Work instructions:
Please write out the line containing "with t have" and each line after it through the end of the data, exactly, and nothing else.

### Data for review

(* Let $J_1,J_2,k_1,k_2,h,E_1,E_2>0$ and $T_s>0$, and consider the batch reactor system $$\dot c_A=-k_1e^{-E_1/T}c_A,\quad \dot c_B=k_1e^{-E_1/T}c_A-k_2e^{-E_2/T}c_B,\quad \dot T=J_1k_1e^{-E_1/T}c_A+J_2k_2e^{-E_2/T}c_B+h(T_s-T),$$ with output $T$, on the state set $D\times\Omega$ where $D=(0,\bar c_A)\times(0,\bar c_B)$, $\Omega=(T_{\min},T_{\max})$, and the constants satisfy $\bar c_A>0$, $0<T_{\min}\le T_s$, $\frac{k_1}{k_2}\bar c_A<\bar c_B$ if $E_1\ge E_2$ and $\frac{k_1}{k_2}e^{(E_2-E_1)/T_{\min}}\bar c_A<\bar c_B$ if $E_1<E_2$, and $\frac{J_1k_1\bar c_A+J_2k_2\bar c_B}{h}+T_s\le T_{\max}$. (Then $D\times\Omega$ is positively invariant and solutions exist and are unique for all $t\ge0$.) Assume one of the following: (A1) if $E_1=E_2$ then $(J_1+J_2)k_2\ne J_1k_1$; if $E_1\ne E_2$ then there exists $a>0$ such that for all $T\in(T_{\min},T_{\max})$ with $\frac{T^2}{(E_2-E_1)J_1h}e^{-E_2/T}\big[(J_1+J_2)k_2-J_1k_1e^{(E_2-E_1)/T}\big]+T>T_s$ one has $\frac{T^2}{(E_2-E_1)J_1}e^{-E_2/T}\big[(J_1+J_2)k_2-J_1k_1e^{(E_2-E_1)/T}\big]\le -a$; (A2) the same as (A1) but with the last inequality replaced by $\frac{T^2}{(E_2-E_1)J_1}e^{-E_2/T}\big[(J_1+J_2)k_2-J_1k_1e^{(E_2-E_1)/T}\big]\ge a$. Then the system is strongly observable in time $r$ for every $r>0$ if $E_1=E_2$, and for every $r\ge\frac{T_{\max}-T_{\min}}{a}$ if $E_1\ne E_2$; that is, for any two distinct initial states in $D\times\Omega$, the corresponding temperature outputs $T(\cdot)$ differ at some time in $[0,r]$.
   Context: Strong observability in time $r$ here means: for every pair of initial states $(c_{A,0},c_{B,0},T_0)\neq(\tilde c_{A,0},\tilde c_{B,0},\tilde T_0)$ in $D\times\Omega$, $\max_{t\in[0,r]}|T(t)-\tilde T(t)|>0$, where $T(\cdot),\tilde T(\cdot)$ are the temperature components of the corresponding solutions (the system has no control input). *)

theory Defs
  imports "HOL-Analysis.Analysis"
begin

definition batch_solution ::
  "real \<Rightarrow> real \<Rightarrow> real \<Rightarrow> real \<Rightarrow> real \<Rightarrow> real \<Rightarrow> real \<Rightarrow> real \<Rightarrow> real \<Rightarrow>
   (real \<Rightarrow> real) \<Rightarrow> (real \<Rightarrow> real) \<Rightarrow> (real \<Rightarrow> real) \<Rightarrow> bool" where
  "batch_solution J1 J2 k1 k2 h E1 E2 Ts r cA cB T \<longleftrightarrow>
     (\<forall>t\<in>{0..r}.
        (cA has_real_derivative (- k1 * exp (- E1 / T t) * cA t)) (at t within {0..r}) \<and>
        (cB has_real_derivative (k1 * exp (- E1 / T t) * cA t - k2 * exp (- E2 / T t) * cB t))
           (at t within {0..r}) \<and>
        (T has_real_derivative (J1 * k1 * exp (- E1 / T t) * cA t + J2 * k2 * exp (- E2 / T t) * cB t
                                 + h * (Ts - T t))) (at t within {0..r}))"

definition reactor_G :: "real \<Rightarrow> real \<Rightarrow> real \<Rightarrow> real \<Rightarrow> real \<Rightarrow> real \<Rightarrow> real \<Rightarrow> real" where
  "reactor_G J1 J2 k1 k2 E1 E2 \<theta> =
     \<theta>\<^sup>2 / ((E2 - E1) * J1) * exp (- E2 / \<theta>) * ((J1 + J2) * k2 - J1 * k1 * exp ((E2 - E1) / \<theta>))"

end

theory Submission
  imports Defs
begin

text \<open>
  Solutions stay in the box \<open>D \<times> \<Omega>\<close>: every bound is the positivity of some \<open>z\<close> with
  \<open>z' + g z \<ge> 0\<close>, which is preserved by the integrating factor \<open>exp (\<integral> g)\<close>.

  If two solutions had the same temperature on \<open>[0, r]\<close>, the temperature equation forces the heat
  release of the differences \<open>x = cA - cA'\<close>, \<open>y = cB - cB'\<close> to vanish:
  \<open>J1 \<alpha> x + J2 \<beta> y = 0\<close> with Arrhenius rates \<open>\<alpha>, \<beta>\<close>; moreover \<open>x' = -\<alpha> x\<close>, so \<open>x\<close> never vanishes.
  Differentiating the identity once more gives, for \<open>E1 = E2\<close>, the contradiction
  \<open>(J1 + J2) k2 = J1 k1\<close>, and for \<open>E1 \<noteq> E2\<close> the closed equation \<open>T' = G(T)\<close>. Since
  \<open>T' > h (Ts - T)\<close> along solutions, (A1)/(A2) give \<open>|T'| \<ge> a\<close>, so \<open>T\<close> would cross the whole
  interval \<open>(Tmin, Tmax)\<close> within time \<open>(Tmax - Tmin) / a \<le> r\<close>, which is impossible.
\<close>

lemma DERIV_within_nonneg_imp_nondecreasing:
  fixes f f' :: "real \<Rightarrow> real"
  assumes der: "\<And>x. x \<in> {a..b} \<Longrightarrow> (f has_real_derivative f' x) (at x within {a..b})"
    and nonneg: "\<And>x. x \<in> {a..b} \<Longrightarrow> f' x \<ge> 0"
    and t: "t \<in> {a..b}"
  shows "f a \<le> f t"
proof -
  have "\<exists>x\<in>{a..t}. f t - f a = f' x * (t - a)"
  proof (rule mvt_very_simple)
    fix x assume "a \<le> x" "x \<le> t"
    with t have "(f has_real_derivative f' x) (at x within {a..t})"
      by (intro DERIV_subset[OF der]) auto
    then show "(f has_derivative (\<lambda>h. f' x * h)) (at x within {a..t})"
      by (simp add: has_field_derivative_def)
  qed (use t in auto)
  then obtain x where "x \<in> {a..t}" "f t - f a = f' x * (t - a)" by blast
  moreover have "f' x * (t - a) \<ge> 0"
    using t \<open>x \<in> {a..t}\<close> nonneg[of x] by simp
  ultimately show ?thesis by simp
qed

######

Exercise response:
    with t have "(f has_real_derivative f' x) (at x within {a..t})"
      by (intro DERIV_subset[OF der]) auto
    then show "(f has_derivative (\<lambda>h. f' x * h)) (at x within {a..t})"
      by (simp add: has_field_derivative_def)
  qed (use t in auto)
  then obtain x where "x \<in> {a..t}" "f t - f a = f' x * (t - a)" by blast
  moreover have "f' x * (t - a) \<ge> 0"
    using t \<open>x \<in> {a..t}\<close> nonneg[of x] by simp
  ultimately show ?thesis by simp
qed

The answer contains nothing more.